# [Oracle 10] Datensätze mit long Werten kopieren



## docsmuell (6. Juni 2008)

Hallo alle zusammen,

ich muß Datensätze aus einer Tabelle die (leider) einen long enthält, in eine Zwischentabelle kopieren , Daten verändern und wieder zurückkopieren.

Bekomme dann immer den Oracle Fehler 997.

In sämtlichen Internetquellen ist davon die Rede den Long wert in einen CLOB umzuwandeln.
Wie mache ich das? Und was tue ich wenn ich den Inhalt der Temp Tabelle wieder zurückkopiere?

Hoffe mir kann jemand helfen, vielen Dank im Voraus.


----------



## Albiorix (10. Juni 2008)

Hm, ein paar Anmerkungen bzw. Fragen

1. Warum die Werte in eine temp. Tabelle kopieren, bearbeiten und wieder zurückschreiben? Dafür gibt es doch PL/SQL, da kann man die Daten auch direkt bearbeiten.

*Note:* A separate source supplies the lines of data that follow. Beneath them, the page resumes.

lemma Re_cinner_self_eq_0_iff: "Re (cinner x x) = 0 \<longleftrightarrow> x = 0"
proof
  assume "Re (cinner x x) = 0"
  then have "\<forall>i\<in>UNIV. (cmod (x $ i))\<^sup>2 = 0"
    by (subst sum_nonneg_eq_0_iff[symmetric]) (auto simp: Re_cinner_self)
  then show "x = 0" by (simp add: vec_eq_iff)
qed simp

lemma Re_cinner_self_pos: "x \<noteq> 0 \<Longrightarrow> 0 < Re (cinner x x)"
  using cinner_self_nonneg[of x] Re_cinner_self_eq_0_iff[of x] by linarith

lemma power2_norm_eq_Re_cinner: "(norm x)\<^sup>2 = Re (cinner x x)"
  by (simp add: norm_vec_def L2_set_def Re_cinner_self sum_nonneg)

lemma Re_cinner_scale_self: "Re (cinner (c *s x) (c *s x)) = (cmod c)\<^sup>2 * Re (cinner x x)"
  by (simp add: Re_cinner_self norm_mult power_mult_distrib sum_distrib_left)

lemma continuous_on_cinner_right: "continuous_on UNIV (\<lambda>x. cinner a x)"
  unfolding cinner_def by (intro continuous_intros continuous_on_component continuous_on_id)

lemma continuous_on_quadratic_form: "continuous_on UNIV (\<lambda>x. Re (cinner x (A *v x)))"
  unfolding cinner_def matrix_vector_mult_def
  by (intro continuous_intros continuous_on_component continuous_on_id continuous_on_cnj)

lemma cinner_adj: "cinner x (A *v y) = cinner (adj A *v x) y"
  by (simp add: cinner_def adj_def matrix_vector_mult_def sum_distrib_left sum_distrib_right)
    (subst sum.swap, simp add: mult_ac)

lemma cinner_self_adjoint: "adj A = A \<Longrightarrow> cinner x (A *v y) = cinner (A *v x) y"
  by (metis cinner_adj)

lemma self_adjoint_quadratic_form_real:
  "adj A = A \<Longrightarrow> complex_of_real (Re (cinner x (A *v x))) = cinner x (A *v x)"
  by (metis cinner_adj cinner_commute Reals_cnj_iff of_real_Re)

lemma adj_sum: "adj (sum f S) = (\<Sum>i\<in>S. adj (f i))"
  by (induction S rule: infinite_finite_induct) (auto simp: adj_def vec_eq_iff)

lemma matrix_vector_mult_sum_left: "(sum f S) *v x = (\<Sum>i\<in>S. f i *v x)"
  by (induction S rule: infinite_finite_induct) (auto simp: matrix_vector_mult_add_rdistrib)

lemma matrix_vector_mult_sum_right: "A *v (sum f S) = (\<Sum>i\<in>S. A *v (f i :: 'a::comm_ring_1^'n))"
  by (induction S rule: infinite_finite_induct) (auto simp: matrix_vector_right_distrib)

lemma matrix_vector_mult_scale: "A *v (c *s x) = c *s (A *v (x::'a::comm_ring_1^'n))"
  by (simp add: vec_eq_iff matrix_vector_mult_def sum_distrib_left mult_ac)

lemma matrix_mult_sum_right: "A ** (sum f S) = (\<Sum>i\<in>S. A ** f i)"
  by (induction S rule: infinite_finite_induct) (auto simp: matrix_add_ldistrib)

lemma matrix_mult_sum_left: "(sum f S) ** A = (\<Sum>i\<in>S. f i ** A)"
  by (induction S rule: infinite_finite_induct)
    (auto simp: vec_eq_iff matrix_matrix_mult_def sum.distrib distrib_right)

lemma trace_sum: "trace (sum f S) = (\<Sum>i\<in>S. trace (f i :: 'a::comm_ring_1^'n^'n))"
  by (induction S rule: infinite_finite_induct) (auto simp: trace_add trace_0[unfolded mat_0])

lemma adj_mult_mult_diag_entry: "(adj U ** X ** U) $ k $ k = cinner (column k U) (X *v column k U)"
  by (simp add: adj_def matrix_matrix_mult_def cinner_def column_def matrix_vector_mult_def
      sum_distrib_left sum_distrib_right) (subst sum.swap, simp add: mult_ac)

lemma unitary_columns_orthonormal:
  assumes "unitary U"
  shows "cinner (column i U) (column j U) = (if i = j then 1 else 0)"
proof -
  have "(adj U ** U) $ i $ j = cinner (column i U) (column j U)"
    by (simp add: adj_def column_def matrix_matrix_mult_def cinner_def)
  then show ?thesis using assms by (simp add: unitary_def mat_def)
qed

lemma cinner_adj_unitary: "unitary U \<Longrightarrow> cinner (adj U *v x) (adj U *v y) = cinner x y"
  by (simp add: cinner_adj[symmetric] matrix_vector_mul_assoc unitary_def)
lemma optimal_split_word_exists:
  "10 \<le> n \<Longrightarrow> \<exists>u r. optimal_word n (u @ 1 # 5 # r)"
proof (induction n rule: less_induct)
  case (less n)
  show ?case
  proof (cases "n < 20")
    case True
    have "list_all (\<lambda>n. optimal_word n
        (fst (split_words ! (n - 10)) @ 1 # 5 # snd (split_words ! (n - 10)))) [10..<20]"
      unfolding optimal_word_def split_words_def by code_simp
    moreover have "n \<in> set [10..<20]"
      using True less.prems unfolding set_upt by simp
    ultimately have "optimal_word n
        (fst (split_words ! (n - 10)) @ 1 # 5 # snd (split_words ! (n - 10)))"
      unfolding list_all_iff by (rule bspec)
    then show ?thesis
      by blast
  next
    case False
    have "\<exists>u r. optimal_word (n - 10) (u @ 1 # 5 # r)"
      using less.IH[of "n - 10"] False by simp
    then obtain u r where len: "length (u @ 1 # 5 # r) = n - 10"
      and valid: "valid_word 0 (u @ 1 # 5 # r)"
      and size: "sum_list (map pattern_size (u @ 1 # 5 # r)) = (6 * (n - 10) + 8) div 5"
      unfolding optimal_word_def by blast
    have "6 * n + 8 = 6 * (n - 10) + 8 + 12 * 5"
      using False by linarith
    then have bound: "(6 * (n - 10) + 8) div 5 + 12 = (6 * n + 8) div 5"
      by simp
    let ?w = "u @ period @ 1 # 5 # r"
    have "length ?w = length (u @ 1 # 5 # r) + 10"
      by (simp add: period_def)
    with len False have "length ?w = n"
      by linarith
    moreover have "sum_list (map pattern_size ?w) = sum_list (map pattern_size (u @ 1 # 5 # r)) + 12"
      using pattern_size_period by simp
    ultimately have "optimal_word n ?w"
      using size bound valid_word_insert_period[OF valid] unfolding optimal_word_def by linarith
    then have "optimal_word n (u @ 1 # 5 # ([2, 8, 4, 8, 2, 5, 1, 11] @ 1 # 5 # r))"
      by (simp add: period_def)
    then show ?thesis
      by blast
  qed
qed

lemma optimal_word_exists: "5 \<le> n \<Longrightarrow> \<exists>w. optimal_word n w"
proof (cases "n < 10")
  case True
  have "list_all (\<lambda>n. optimal_word n (short_words ! (n - 5))) [5..<10]"
    unfolding optimal_word_def short_words_def by code_simp
  moreover assume "5 \<le> n"
  then have "n \<in> set [5..<10]"
    using True unfolding set_upt by simp
  ultimately have "optimal_word n (short_words ! (n - 5))"
    unfolding list_all_iff by (rule bspec)
  then show ?thesis ..
next
  case False
  then have "10 \<le> n"
    by simp
  then obtain u r where "optimal_word n (u @ 1 # 5 # r)"
    using optimal_split_word_exists by blast
  then show ?thesis ..
qed

theorem mainTheorem6:
  fixes n :: nat
  assumes "n \<ge> 5"
  shows "(\<exists>S. independent_12_set (grid_vertices 5 n) grid_adj S)
         \<and> i12 (grid_vertices 5 n) grid_adj = (6 * n + 8) div 5"
proof -
  obtain w where w: "optimal_word n w"
    using optimal_word_exists[OF assms] by blast
  then obtain S where S: "independent_12_set (grid_vertices 5 n) grid_adj S"
    "card S = (6 * n + 8) div 5"
    using independent_12_set_of_valid_word[of w] by (auto simp: optimal_word_def)
  then have "i12 (grid_vertices 5 n) grid_adj = (6 * n + 8) div 5"
    by (rule i12_eqI) (rule independent_12_set_grid5_card_ge[OF assms])
  with S show ?thesis by blast
qed

end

2. ORA-00997: Illegal Use of LONG-Datatype, d.h. das Feld steht in deiner Abfrage irgendwo in der WHERE-Clause, oder im DISTINCT oder so, das ist nicht erlaubt. (http://ora-00997.ora-code.com)

3. Es ist nicht zwingend notwendig, die LONG-Felder in CLOB umzuwandeln. Oracle hat die Spalte (eigentlich) nur noch aus Kompatibiltätsgründen drin. Wenn sie schon mal das sind, und deine Anwendung läuft, lass sie so laufen.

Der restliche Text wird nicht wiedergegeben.